To this day I am still trying to comprehend what happened and why it had to happen to me. I would never wish this on anyone, but I just wish it didn't have to happen to me!!! I love and miss you so much baby boy!!!

Thursday, December 9, 2010

Juanito's Birthday Giveaway!

With Juanito's birthday fast approaching (Dec. 29th) I thought I should get a post up about it. As all of you know we have started Juanito's Wish in honor of our son. We make and fill memory boxes to donate to rural hospitals for grieving parents. When I had Juanito I had no idea what to expect after his birth. Other than my cousin who lost a baby boy 1 month prior to myself nobody in my family had ever lost a baby to stillbirth. Here in Utah in the larger hospitals there is a program set in place for parents who lose a child. A representative from this organization comes in and takes care of all the parent's needs. Not to mention send them home with tons of things to remember their baby by. This organization took such good care of us and they eased the pain we were feeling at that time. My cousin was not given those opportunities and I never want to have that happen to another grieving mother again, so Juanito's Wish makes and fills the memory boxes to donate to those hospitals who do not have an organization in place.
Here are a few pictures of 2 of the boxes that have been donated so far.

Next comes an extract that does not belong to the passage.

(* Let $\mathcal A_+,\mathcal A_-\subseteq\mathbb Z^n$ be disjoint finite sets, $\mathcal A=\mathcal A_+\cup\mathcal A_-$, with $\mathcal A_-\neq\varnothing$ and $\mathcal A_-\subseteq\operatorname{relint}(\operatorname{conv}(\mathcal A_+))$. Let $f\in\mathcal S(\mathcal A_+,\mathcal A_-)$ have nonsigned coefficients $c\in\mathbb R^{\mathcal A}_{>0}$, let $F$ be the critical system of $(\mathcal A_+,\mathcal A_-)$ and $h:\mathcal A\to\mathbb Z$ a height function lifting $\mathcal A_-$. Let $S:=\{t\in\mathbb R_{>0}: F(c\star t^h,x)=0\text{ for some }x\in\mathbb R^n_{>0}\}$. Then (i) $S$ has a minimum $t_*$, and (ii) $f$ is copositive if and only if $t_*\ge1$.
   Context: For disjoint finite $\mathcal A_+,\mathcal A_-\subseteq\mathbb R^n$, a signomial with signed support $(\mathcal A_+,\mathcal A_-)$ is a function $f:\mathbb R^n_{>0}\to\mathbb R$, $f(x)=\sum_{a\in\mathcal A_+}c_ax^a-\sum_{b\in\mathcal A_-}c_bx^b$ with all $c_a,c_b>0$ (the nonsigned coefficients). $\mathcal S(\mathcal A_+,\mathcal A_-)$ is the set of such signomials, identified with $\mathbb R^{\mathcal A}_{>0}$; $f_c$ denotes the signomial with nonsigned coefficients $c$. $f$ is copositive if $f\ge0$ on $\mathbb R^n_{>0}$. The critical system of $(\mathcal A_+,\mathcal A_-)$ is $F(c,x)=(f_c(x),x_1\partial_{x_1}f_c(x),\dots,x_n\partial_{x_n}f_c(x))$. A height function $h:\mathcal A\to\mathbb Z$ lifts $\mathcal A_-$ if $h(a)>0$ for $a\in\mathcal A_-$ and $h(a)=0$ for $a\in\mathcal A_+$; $c\star t^h=(c_at^{h(a)})_{a\in\mathcal A}$. *)

theory Defs
  imports "HOL-Analysis.Analysis"
begin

In hopes to raise more money for the cause I have decided to hold several giveaways. I have been given gift cards (Cold Stone Ice Cream, Target, Jamba Juice, Walmart and a few others that are still pending their arival) crafting supplies/scrapbooking supplies and figurines to give away and I can't wait to do so!!! I will keep the giveaway open until January 10th. With all the upcoming holidays I figured that I needed to give a little extra time. One big prize will be given away on Juanito's Birthday for anyone who has entered and the remaining will be done the evening of January 10th.

There are 2 ways to enter for these giveaways.
1. Post about Juanito's upcoming birthday and giveaway on your blog for 1 entry.
2. Make a donation. Every dollar donated equals 1 entry. So $5=5 entries.
There is a Chip In button in the upper right hand column of this blog . It will direct you to Paypal where your donation can be made securely.
Once you have made your donation or blogged about the giveaway please leave me a comment telling me how much you donated or a link to your blog and I will put you in for the entries.